[Date Prev][Date Next][Thread Prev][Thread Next][Date Index][Thread Index]

Re: [edict-jmdict] "P" Markers revisited



[Francis Bond ([edict-jmdict] "P" Markers revisited) writes:]
>> there is an interesting article in the journal of lexicography on an
>> equivalent of P-markers:

Yes, very interesting. No surprises there, I guess.

>> I could think of three ways of trying to improve the current ratings,
>> but as I don't use them myself, am not so motivated.
>> 
>> (a) we could do a corpus count (or web corpus count) and mark the most frequent
>>   - it is very hard to get a fully representative corpus.  Amano and
>> Kondo, for example found that in over ten years of newspaper text the
>> word 唐揚げ never appeared, although it is a very familiar word.

Every corpus will have some biases. Many are overly newspaper-oriented.

Apropos of 唐揚げ, the other kanji form - 空揚げ - does crop up in the
newspaper-based "wordfreq" list, but is not high enough ranked to get a P.
Doesn't score so well on Googits either.

>> (b) we could compare the vocabulary to the familiarity ratings in
>> 日本語語彙特性, and mark various bands of familiarity, although the IP issues
>> could be murky.
>> @Book{Goitokusei,
>>   author =	 "Shigeaki Amano and Tadahisa Kondo",
>>   title =	 "Nihongo-no Goi-Tokusei (Lexical properties of
>>                   Japanese)",
>>   publisher =	 "Sanseido",
>>   year =	 1999
>> }

IP on that would be messy. My "ichi" markings have the same problem.

>> (c) we should keep the current markers and correct individual ones
>> that appear to be wrong, preferably backing up our intuitions with
>> some kind of evidence (such as GPB "Ghits per billion documents"
>> http://itre.cis.upenn.edu/~myl/languagelog/archives/000953.html).
>> There is currently a way to add P-markers (spec1 and spec2: I don't
>> know the difference), but no way of removing them...  I am not sure if
>> it is worth adding another flag just to show this.

If we come up with a GPB metric, It could go in as a marker, and join the 
mix that generate the simple P markers. I have been using >= 1MegaGoogits
as a trigger for assigning a "spec1". Obviously this should rise over time.
I seeGoogle has stopped stating the number of pages it indexes.
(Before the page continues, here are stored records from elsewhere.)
(* Let $G$ be a connected graph and let $uv$ be a cut edge of $G$ that is not pendent (i.e. $d_G(u)\ge 2$ and $d_G(v)\ge 2$). Let $G'$ be the graph obtained from $G$ by contracting the edge $uv$ onto the vertex $u$ (so $u$ becomes adjacent to all former neighbors of $u$ and of $v$ other than $u,v$) and then adding a new pendent vertex (named $v$) adjacent to $u$. Then $SO(G)<SO(G')$.
   Context: For a graph $G$, $d_G(w)$ denotes the degree of vertex $w$, and the Sombor index is $SO(G)=\sum_{ab\in E(G)}\sqrt{d_G(a)^2+d_G(b)^2}$. A cut edge is an edge whose deletion disconnects the graph; it is pendent if one of its end vertices has degree one. *)

theory Defs
  imports Complex_Main
begin

definition simple_graph :: "'a set \<Rightarrow> 'a set set \<Rightarrow> bool" where
  "simple_graph V E \<longleftrightarrow> finite V \<and>
     (\<forall>e\<in>E. \<exists>a b. a \<noteq> b \<and> e = {a, b} \<and> a \<in> V \<and> b \<in> V)"

definition graph_connected :: "'a set \<Rightarrow> 'a set set \<Rightarrow> bool" where
  "graph_connected V E \<longleftrightarrow> V \<noteq> {} \<and>
     (\<forall>x\<in>V. \<forall>y\<in>V. (x, y) \<in> {(a, b). {a, b} \<in> E}\<^sup>*)"

definition cut_edge :: "'a set \<Rightarrow> 'a set set \<Rightarrow> 'a set \<Rightarrow> bool" where
  "cut_edge V E e \<longleftrightarrow> e \<in> E \<and> graph_connected V E \<and> \<not> graph_connected V (E - {e})"

definition degree :: "'a set set \<Rightarrow> 'a \<Rightarrow> nat" where
  "degree E w = card {e \<in> E. w \<in> e}"

definition sombor :: "'a set set \<Rightarrow> real" where
  "sombor E = (\<Sum>e\<in>E. sqrt (\<Sum>w\<in>e. (real (degree E w))\<^sup>2))"

text \<open>Contract edge uv onto u, then attach new pendent vertex (named v) to u.
  The vertex set is unchanged.\<close>
definition contract_and_pend :: "'a set set \<Rightarrow> 'a \<Rightarrow> 'a \<Rightarrow> 'a set set" where
  "contract_and_pend E u v =
     {e \<in> E. u \<notin> e \<and> v \<notin> e}
     \<union> {{u, x} | x. x \<noteq> u \<and> x \<noteq> v \<and> ({u, x} \<in> E \<or> {v, x} \<in> E)}
     \<union> {{u, v}}"

end

theory Submission
  imports Defs
begin

text \<open>Let \<open>A\<close>, \<open>B\<close> be the neighbours of \<open>u\<close>, resp. \<open>v\<close>, other than \<open>u, v\<close>, and \<open>R\<close>
  the edges avoiding both. As \<open>uv\<close> is a cut edge, \<open>A\<close> and \<open>B\<close> are disjoint, so with
  \<open>a = |A|\<close>, \<open>b = |B|\<close> the degrees of \<open>u, v\<close> are \<open>a + 1, b + 1\<close> before and
  \<open>a + b + 1, 1\<close> after the operation, all other degrees being unchanged. Edge by edge the
  Sombor terms can only grow: strictly at the edges \<open>ux\<close>, \<open>x \<in> A\<close>, since \<open>b \<ge> 1\<close>;
  and for \<open>uv\<close> itself \<open>(a + 1)\<^sup>2 + (b + 1)\<^sup>2 \<le> (a + b + 1)\<^sup>2 + 1\<close> as \<open>a, b \<ge> 1\<close>.\<close>

definition spokes :: "'a \<Rightarrow> 'a set \<Rightarrow> 'a set set" where
  "spokes w S = (\<lambda>x. {w, x}) ` S"

definition edge_weight :: "'a set set \<Rightarrow> 'a set \<Rightarrow> real" where
  "edge_weight E e = sqrt (\<Sum>w\<in>e. (real (degree E w))\<^sup>2)"

lemma sombor_eq_sum_edge_weight: "sombor E = sum (edge_weight E) E"
  by (simp add: sombor_def edge_weight_def)

lemma edge_weight_doubleton:
  "a \<noteq> b \<Longrightarrow> edge_weight E {a, b} = sqrt ((real (degree E a))\<^sup>2 + (real (degree E b))\<^sup>2)"
  by (simp add: edge_weight_def)

lemma inj_on_doubleton: "w \<notin> S \<Longrightarrow> inj_on (\<lambda>x. {w, x}) S"
  by (auto simp: inj_on_def doubleton_eq_iff)

lemma card_spokes: "w \<notin> S \<Longrightarrow> card (spokes w S) = card S"
  by (simp add: spokes_def card_image inj_on_doubleton)

lemma finite_spokes: "finite S \<Longrightarrow> finite (spokes w S)"
  by (simp add: spokes_def)

lemma sum_spokes: "w \<notin> S \<Longrightarrow> sum f (spokes w S) = (\<Sum>x\<in>S. f {w, x})"
  by (simp add: spokes_def sum.reindex inj_on_doubleton)

lemma simple_graph_finite_edges:
  assumes "simple_graph V E"
  shows "finite E"
proof -
  have "E \<subseteq> Pow V" "finite V" using assms unfolding simple_graph_def by fastforce+
  then show ?thesis by (meson finite_Pow_iff finite_subset)
qed

lemma simple_graph_edge_at:
  assumes "simple_graph V E" "e \<in> E" "w \<in> e"
  obtains x where "x \<noteq> w" "e = {w, x}"
  using assms unfolding simple_graph_def by fastforce

lemma simple_graph_finite_neighbours:
  assumes "simple_graph V E"
  shows "finite {x. {w, x} \<in> E}"
proof -
  have "{x. {w, x} \<in> E} \<subseteq> V" "finite V"
    using assms unfolding simple_graph_def by (fastforce simp: doubleton_eq_iff)+
  then show ?thesis by (rule finite_subset)
qed

text \<open>A triangle through \<open>uv\<close> would reconnect \<open>u\<close> and \<open>v\<close> after deleting \<open>uv\<close>.\<close>
lemma cut_edge_not_in_triangle:
  assumes "cut_edge V E {u, v}" "{u, w} \<in> E" "{v, w} \<in> E" "w \<noteq> u" "w \<noteq> v"
  shows False
proof -
  define S where "S = {(a, b). {a, b} \<in> E}"
  define S' where "S' = {(a, b). {a, b} \<in> E - {{u, v}}}"
  have "(u, w) \<in> S'" "(w, v) \<in> S'" "(v, w) \<in> S'" "(w, u) \<in> S'"
    using assms(2-5) unfolding S'_def by (auto simp: doubleton_eq_iff insert_commute)
  then have "(u, v) \<in> S'\<^sup>*" "(v, u) \<in> S'\<^sup>*" by (meson rtrancl.simps)+
  then have "S \<subseteq> S'\<^sup>*"
    unfolding S_def S'_def by (auto simp: doubleton_eq_iff)
  then have "S\<^sup>* \<subseteq> S'\<^sup>*" by (metis rtrancl_subset_rtrancl)
  then have "graph_connected V (E - {{u, v}})"
    using assms(1) unfolding cut_edge_def graph_connected_def S_def S'_def by blast
  with assms(1) show False by (simp add: cut_edge_def)
qed

locale nonpendent_cut_edge =
  fixes V :: "'a set" and E :: "'a set set" and u v :: 'a
  assumes simple: "simple_graph V E"
    and cut: "cut_edge V E {u, v}"
    and distinct: "u \<noteq> v"
    and degree_u_ge: "degree E u \<ge> 2"
    and degree_v_ge: "degree E v \<ge> 2"
begin

abbreviation E' where "E' \<equiv> contract_and_pend E u v"

definition A where "A = {x. x \<noteq> u \<and> x \<noteq> v \<and> {u, x} \<in> E}"
definition B where "B = {x. x \<noteq> u \<and> x \<noteq> v \<and> {v, x} \<in> E}"
definition R where "R = {e \<in> E. u \<notin> e \<and> v \<notin> e}"

lemma uv_edge: "{u, v} \<in> E"
  using cut by (simp add: cut_edge_def)

lemma finite_parts: "finite A" "finite B" "finite R"
  using simple_graph_finite_neighbours[OF simple] simple_graph_finite_edges[OF simple]
  unfolding A_def B_def R_def by (auto intro: rev_finite_subset)

lemma not_in_A_B: "u \<notin> A" "v \<notin> A" "u \<notin> B" "v \<notin> B"
  by (auto simp: A_def B_def)

lemma in_A_B_neq: "x \<in> A \<Longrightarrow> x \<noteq> u \<and> x \<noteq> v" "x \<in> B \<Longrightarrow> x \<noteq> u \<and> x \<noteq> v"
  by (auto simp: A_def B_def)

lemma A_B_disjoint: "A \<inter> B = {}"
  using cut_edge_not_in_triangle[OF cut] by (auto simp: A_def B_def)

lemma edges_decomp: "E = R \<union> spokes u A \<union> spokes v B \<union> {{u, v}}"
proof
  show "E \<subseteq> R \<union> spokes u A \<union> spokes v B \<union> {{u, v}}"
  proof
    fix e assume e: "e \<in> E"
    consider "u \<in> e" | "u \<notin> e" "v \<in> e" | "u \<notin> e" "v \<notin> e" by blast
    then show "e \<in> R \<union> spokes u A \<union> spokes v B \<union> {{u, v}}"
    proof cases
      case 1
      with e obtain x where "x \<noteq> u" "e = {u, x}" by (metis simple simple_graph_edge_at)
      then show ?thesis using e by (cases "x = v") (auto simp: A_def spokes_def)
    next
      case 2
      with e obtain x where "x \<noteq> v" "e = {v, x}" by (metis simple simple_graph_edge_at)
      then show ?thesis using e 2 by (auto simp: B_def spokes_def)
    qed (use e in \<open>auto simp: R_def\<close>)
  qed
  show "R \<union> spokes u A \<union> spokes v B \<union> {{u, v}} \<subseteq> E"
    using uv_edge by (auto simp: R_def A_def B_def spokes_def)
qed

lemma contracted_decomp: "E' = R \<union> spokes u (A \<union> B) \<union> {{u, v}}"
  unfolding contract_and_pend_def R_def A_def B_def spokes_def by blast

lemma degree_u: "degree E u = card A + 1"
proof -
  have "{e \<in> E. u \<in> e} = insert {u, v} (spokes u A)"
    using distinct by (subst edges_decomp) (auto simp: R_def B_def spokes_def)
  moreover have "{u, v} \<notin> spokes u A"
    using not_in_A_B by (auto simp: spokes_def doubleton_eq_iff)
  ultimately show ?thesis
    using finite_parts not_in_A_B by (simp add: degree_def card_spokes finite_spokes)
qed

lemma degree_v: "degree E v = card B + 1"
proof -
  have "{e \<in> E. v \<in> e} = insert {v, u} (spokes v B)"
    using distinct by (subst edges_decomp) (auto simp: R_def A_def spokes_def insert_commute)
  moreover have "{v, u} \<notin> spokes v B"
    using not_in_A_B by (auto simp: spokes_def doubleton_eq_iff)
  ultimately show ?thesis
    using finite_parts not_in_A_B by (simp add: degree_def card_spokes finite_spokes)
qed

lemma degree_contracted_u: "degree E' u = card A + card B + 1"
proof -
  have "{e \<in> E'. u \<in> e} = insert {u, v} (spokes u (A \<union> B))"
    by (subst contracted_decomp) (auto simp: R_def spokes_def)
  moreover have "{u, v} \<notin> spokes u (A \<union> B)"
    using not_in_A_B by (auto simp: spokes_def doubleton_eq_iff)
  ultimately show ?thesis
    using finite_parts not_in_A_B A_B_disjoint
    by (simp add: degree_def card_spokes finite_spokes card_Un_disjoint)
qed

lemma degree_contracted_v: "degree E' v = 1"
proof -
  have "{e \<in> E'. v \<in> e} = {{u, v}}"
    using distinct by (subst contracted_decomp) (auto simp: R_def A_def B_def spokes_def)
  then show ?thesis by (simp add: degree_def)
qed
>> I think IP problems rule out (b), if anyone has a big corpus then it
>> would be nice to try (a), but for the moment we should stick with (c).

Yes, I think it's the most accessible, and I have seen reports that the
word coerage is not too bad. Better than newspapers.

Cheers

Jim

-- 
Jim Breen                                http://www.csse.monash.edu.au/~jwb/
Clayton School of Information Technology,               Tel: +61 3 9905 9554
Monash University, VIC 3800, Australia                  Fax: +61 3 9905 5146
(Monash Provider No. 00008C)                ジム・ブリーン@モナシュ大学